アリスの瞳の光が、急速に失われていく。同時に、デスティニーの画面に、新しいデータファイルがダウンロードされた。


【データ受信完了:コア交換最終手順、レムナント弱点情報、ログを習得】



彼女は、私を止めようとして全力を尽くしたが、結果として、父セフィリアの真の使命を果たすための最後の鍵を私に渡したのだ。

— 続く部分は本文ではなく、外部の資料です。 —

lemma ham_path_detour:
  assumes "ham_path (torus m n) (torus_a m n z) (torus_b m n z) (vs, ls)"
  shows "ham_path (torus (m + 2) n) (torus_a (m + 2) n (z - 1)) (torus_b (m + 2) n (z - 1))
      (concat (map (detour m n e) vs), expand_labels (detour_labels m e) vs ls)"
    and "set (zip (concat (map (detour m n e) vs)) (expand_labels (detour_labels m e) vs ls)) \<subseteq>
      detour_arcs m n e \<union> apfst (detour_end m n) ` set (zip vs ls)"
proof -
  have vs: "distinct vs" "set vs = torus m n" "walk (torus_a m n z) (torus_b m n z) vs ls"
    using assms by (simp_all add: ham_path_iff_walk)
  have W: "walk (torus_a (m + 2) n (z - 1)) (torus_b (m + 2) n (z - 1))
      (concat (map (detour m n e) vs)) (expand_labels (detour_labels m e) vs ls)"
    "set (zip (concat (map (detour m n e) vs)) (expand_labels (detour_labels m e) vs ls)) \<subseteq>
      detour_arcs m n e \<union> apfst (detour_end m n) ` set (zip vs ls)"
    using walk_expand[OF vs(3), where ex = "detour m n e" and el = "detour_labels m e"
        and f' = "torus_a (m + 2) n (z - 1)" and g' = "torus_b (m + 2) n (z - 1)"]
      vs(2) detour_walk detour_exit by (simp_all add: last_detour detour_arcs_def)
  then show "ham_path (torus (m + 2) n) (torus_a (m + 2) n (z - 1)) (torus_b (m + 2) n (z - 1))
      (concat (map (detour m n e) vs), expand_labels (detour_labels m e) vs ls)"
    unfolding ham_path_iff_walk using distinct_concat_detour set_concat_detour vs by simp
  show "set (zip (concat (map (detour m n e) vs)) (expand_labels (detour_labels m e) vs ls)) \<subseteq>
      detour_arcs m n e \<union> apfst (detour_end m n) ` set (zip vs ls)"
    by (rule W(2))
qed

lemma detour_end_notin_detour_arcs:
  assumes "v \<in> torus m n"
  shows "(detour_end m n v, l) \<notin> detour_arcs m n e"
  using assms by (auto simp: detour_arcs_def detour_end_def detour_def detour_labels_def torus_def)

lemma inj_on_detour_end: "inj_on (detour_end m n) (torus m n)"
  by (auto intro!: inj_onI simp: detour_end_def torus_def split: if_splits dest: mod_succ_inj)

lemma detour_arcs_apfst_disjoint:
  assumes "X \<subseteq> torus m n \<times> UNIV"
  shows "detour_arcs m n e \<inter> apfst (detour_end m n) ` X = {}"
proof (rule equals0I)
  fix x assume x: "x \<in> detour_arcs m n e \<inter> apfst (detour_end m n) ` X"
  then obtain p where "p \<in> X" "x = (detour_end m n (fst p), snd p)"
    by (auto simp: apfst_def map_prod_def split: prod.splits)
  moreover have "fst p \<in> torus m n"
    using \<open>p \<in> X\<close> assms by (auto simp: mem_Times_iff)
  ultimately show False
    using x detour_end_notin_detour_arcs[of "fst p" "snd p" e] by simp
qed

lemma expanded_arcs_disjoint:
  assumes "A \<subseteq> torus m n \<times> UNIV" "A' \<subseteq> torus m n \<times> UNIV" "A \<inter> A' = {}"
  shows "(detour_arcs m n False \<union> apfst (detour_end m n) ` A) \<inter>
    (detour_arcs m n True \<union> apfst (detour_end m n) ` A') = {}"
proof -
  have "inj_on (apfst (detour_end m n)) (torus m n \<times> UNIV)"
    using inj_on_detour_end by (auto simp: inj_on_def)
  then have "apfst (detour_end m n) ` A \<inter> apfst (detour_end m n) ` A' = {}"
    using assms by (metis image_empty inj_on_image_Int)
  then show ?thesis
    using assms detour_arcs_disjoint detour_arcs_apfst_disjoint
    by (simp add: Int_Un_distrib Int_Un_distrib2 Int_commute)
qed

lemma torus_2hp_add_columns:
  assumes "torus_2hp m n z"
  shows "torus_2hp (m + 2) n (z - 1)"
proof -
  obtain vs ls vs' ls' where P: "ham_path (torus m n) (torus_a m n z) (torus_b m n z) (vs, ls)"
    and P': "ham_path (torus m n) (torus_a m n z) (torus_b m n z) (vs', ls')"
    and disj: "set (zip vs ls) \<inter> set (zip vs' ls') = {}"
    using assms unfolding torus_2hp_def two_arc_disjoint_ham_paths_iff by blast
  have "set (zip vs ls) \<subseteq> torus m n \<times> UNIV" "set (zip vs' ls') \<subseteq> torus m n \<times> UNIV"
    using P P' by (auto simp: ham_path_def dest: set_zip_leftD)
  from expanded_arcs_disjoint[OF this disj]
  have "set (zip (concat (map (detour m n False) vs))
        (expand_labels (detour_labels m False) vs ls)) \<inter>
      set (zip (concat (map (detour m n True) vs'))
        (expand_labels (detour_labels m True) vs' ls')) = {}"
    using Int_mono[OF ham_path_detour(2)[OF P, of False] ham_path_detour(2)[OF P', of True]]
    by (simp only: subset_empty)
  then show ?thesis
    unfolding torus_2hp_def two_arc_disjoint_ham_paths_iff
    using ham_path_detour(1)[OF P, of False] ham_path_detour(1)[OF P', of True] by blast
qed

end

section \<open>Finite abelian groups with two generators\<close>

primrec nsmul :: "nat \<Rightarrow> 'a::monoid_add \<Rightarrow> 'a" where
  "nsmul 0 x = 0"
| "nsmul (Suc k) x = x + nsmul k x"

lemma nsmul_add: "nsmul (i + j) x = nsmul i x + nsmul j x"
  by (induction i) (simp_all add: add.assoc)

lemma nsmul_zero [simp]: "nsmul k 0 = 0"
  by (induction k) simp_all

lemma nsmul_mult: "nsmul (i * j) x = nsmul i (nsmul j x)"
  by (induction i) (simp_all add: nsmul_add)

lemma nsmul_mod: "nsmul k x = 0 \<Longrightarrow> nsmul (j mod k) x = nsmul j x"
  by (metis add_0 div_mult_mod_eq nsmul_add nsmul_mult nsmul_zero)

lemma nsmul_diff: "i \<le> j \<Longrightarrow> nsmul (j - i) x = nsmul j x - nsmul i (x :: 'a::group_add)"
  by (metis add_diff_cancel diff_add nsmul_add)

lemma uminus_nsmul:
  assumes "nsmul k x = 0" "k > 0"
  shows "- nsmul i x = nsmul ((k - 1) * i) (x :: 'a::group_add)"
proof -
  have "nsmul ((k - 1) * i) x + nsmul i x = nsmul i (nsmul k x)"
    using assms(2) by (simp add: nsmul_add[symmetric] nsmul_mult[symmetric] algebra_simps)
  then show ?thesis
    using assms(1) by (metis eq_neg_iff_add_eq_0 nsmul_zero)
qed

アリスは完全に機能を停止し、その純白の装甲は、核から放たれる不協和音のような光を反射し、静かに横たわった。


私はそのログを読む。




―(セフィリアの声、ノイズ混じり)

娘よ。もし、お前がこの狂気の場所へ辿り着いたなら、私の計画は……半分は成功だ。

許せ。お前の記憶を奪ったことを。お前をたった一人にしたことを。

お前を愛している。だからこそ、お前を「裏切り者」として外の世界へ送り出した。あの憎しみと絶望がお前を駆り立て、AIの目から逃れさせると信じた。

お前が破壊しようとした核は、もう使い物にならない。それは、お前が生きる意志を見せた証だ。

だが、破壊は終わりの始まりではない。

デスティニーを信じろ。 あれはただの銃ではない。私が最後に託した、新しい世界の心臓だ。

お前の「破壊の力」は、私たちが犯した過ちを清算するための、最後の起動エネルギーになる。

真実を知る覚悟を決めろ、セシル。そして、私ができなかった選択を、お前の手で為し遂げるのだ。




いや、読むと言うより、このログは音声であった。


私は、彼女の残骸に背を向けた。


最終隔壁が、目の前にある。この扉の先に、父が遺した最後のメッセージと、都市の命運を決める「レムナント」がいる。


私は、デスティニーを握りしめた。


「デスティニー。最終プロトコルを起動。隔壁を開放する」


中枢の核へと続く、最後の扉が、重々しい音を立てて開いた。


その先は、狂気のノイズさえも届かない、静寂のコア空間だった。


私は、父の真意を知るために、最後の領域へと足を踏み入れた。